Last week, Rabbi Ostrich met me at the PNC bank on College Avenue and provided me with an additional $1500 for this trip to New York for surgery and two weeks of recovery. This total of $3,000 exhausts the extent of generosity from a small congregation. Thank you, landsmen of my Congregation including the Bagel Boys.

Thanks to the Jewish people: I was raised by a single mother in the 1950s when that was no picnic. My mother supported us on her salary as a teacher of Hebrew school teacher, a Hebrew school principal, and an Educator. She liked it when people called her a theologian.

I remember first hearing the words of the Bible in Hebrew when I was five. From grades 1-8, the day began at the Hebrew Academy of Greater Miami with a pledge of allegiance to the U.S. flag and a singing of the anthem of the State of Israel–both flags displayed.

During those years, I read the Five Books of Moses in the original Hebrew in the mornings and studied English subjects in the afternoon.

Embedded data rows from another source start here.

(* Let $k\ge 1$, $n=2^{k+1}$, and run Jakobsson's pebble-update procedure (with its $k+1$ pebbles) for $n/2=2^k$ steps. Then for every initial label $j$ with $1\le j<k$, the pebble with initial label $j$ makes exactly $2^{k-j-1}$ backward moves during these $2^k$ steps.
   Context: Jakobsson's pebble-update procedure (hash-chain preimage traversal). Fix $K\ge 1$ and $N=2^K$ (in the claim, $N=n$ and $K=k+1$). There are $K$ pebbles, identified by their initial label $j\in\{1,\dots,K\}$. Pebble $j$ has two fixed constants $S_j=3\cdot 2^j$ (start increment) and $D_j=2^{j+1}$ (destination increment), and two integer fields $\mathrm{Position}$ and $\mathrm{Destination}$ (which may be set to $+\infty$). Initially $\mathrm{Position}=\mathrm{Destination}=2^j$ for pebble $j$, and a counter $c$ equals $0$. The pebbles are kept sorted by $\mathrm{Position}$, and "the first pebble" means the pebble with the smallest $\mathrm{Position}$. One step: (i) if $c=N$, stop; otherwise $c\leftarrow c+1$; (ii) for every pebble with $\mathrm{Position}\ne\mathrm{Destination}$, set $\mathrm{Position}\leftarrow\mathrm{Position}-2$; (iii) if $c$ is even, the first pebble (say with initial label $j$) makes a backward move: $\mathrm{Position}\leftarrow \mathrm{Position}+S_j$, $\mathrm{Destination}\leftarrow\mathrm{Destination}+D_j$; if the new Destination exceeds $N$, both fields are set to $+\infty$ and the pebble is said to be discarded; then the pebbles are re-sorted by $\mathrm{Position}$. (Each pebble also stores a hash-chain value, which does not influence the evolution of the Position and Destination fields.) *)

theory Defs
  imports Main "HOL-Library.Product_Lexorder"
begin

text \<open>Extended integers: None represents +infinity.\<close>
type_synonym eint = "int option"

text \<open>A pebble: (initial label j, Position, Destination).\<close>
type_synonym pebble = "nat \<times> eint \<times> eint"

text \<open>State: (counter c, pebbles in sorted order, number of backward moves per label).\<close>
type_synonym pstate = "nat \<times> pebble list \<times> (nat \<Rightarrow> nat)"

definition pos_key :: "pebble \<Rightarrow> bool \<times> int" where
  "pos_key p = (case fst (snd p) of None \<Rightarrow> (True, 0) | Some x \<Rightarrow> (False, x))"

definition advance :: "pebble \<Rightarrow> pebble" where
  "advance p = (case p of (j, pos, dest) \<Rightarrow>
     if pos \<noteq> dest then (j, map_option (\<lambda>x. x - 2) pos, dest) else p)"

definition backmove :: "nat \<Rightarrow> pebble \<Rightarrow> pebble" where
  "backmove N p = (case p of (j, pos, dest) \<Rightarrow>
     (let pos' = map_option (\<lambda>x. x + 3 * 2 ^ j) pos;
          dest' = map_option (\<lambda>x. x + 2 ^ (j + 1)) dest
      in if (case dest' of None \<Rightarrow> True | Some d \<Rightarrow> d > int N)
         then (j, None, None) else (j, pos', dest')))"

There was a lot to praying.

While I have rejected much, my love of the Hebrew language remains. My support for Israel as a safe, peaceful, Jewish entity is strong. “If I forget Jerusalem, let me forget how to use my right hand….”

What I have always found to my surprise and relief is the availability of Jewish Family Services and similar organizations to be there for me because that is what our people do. We care for each other.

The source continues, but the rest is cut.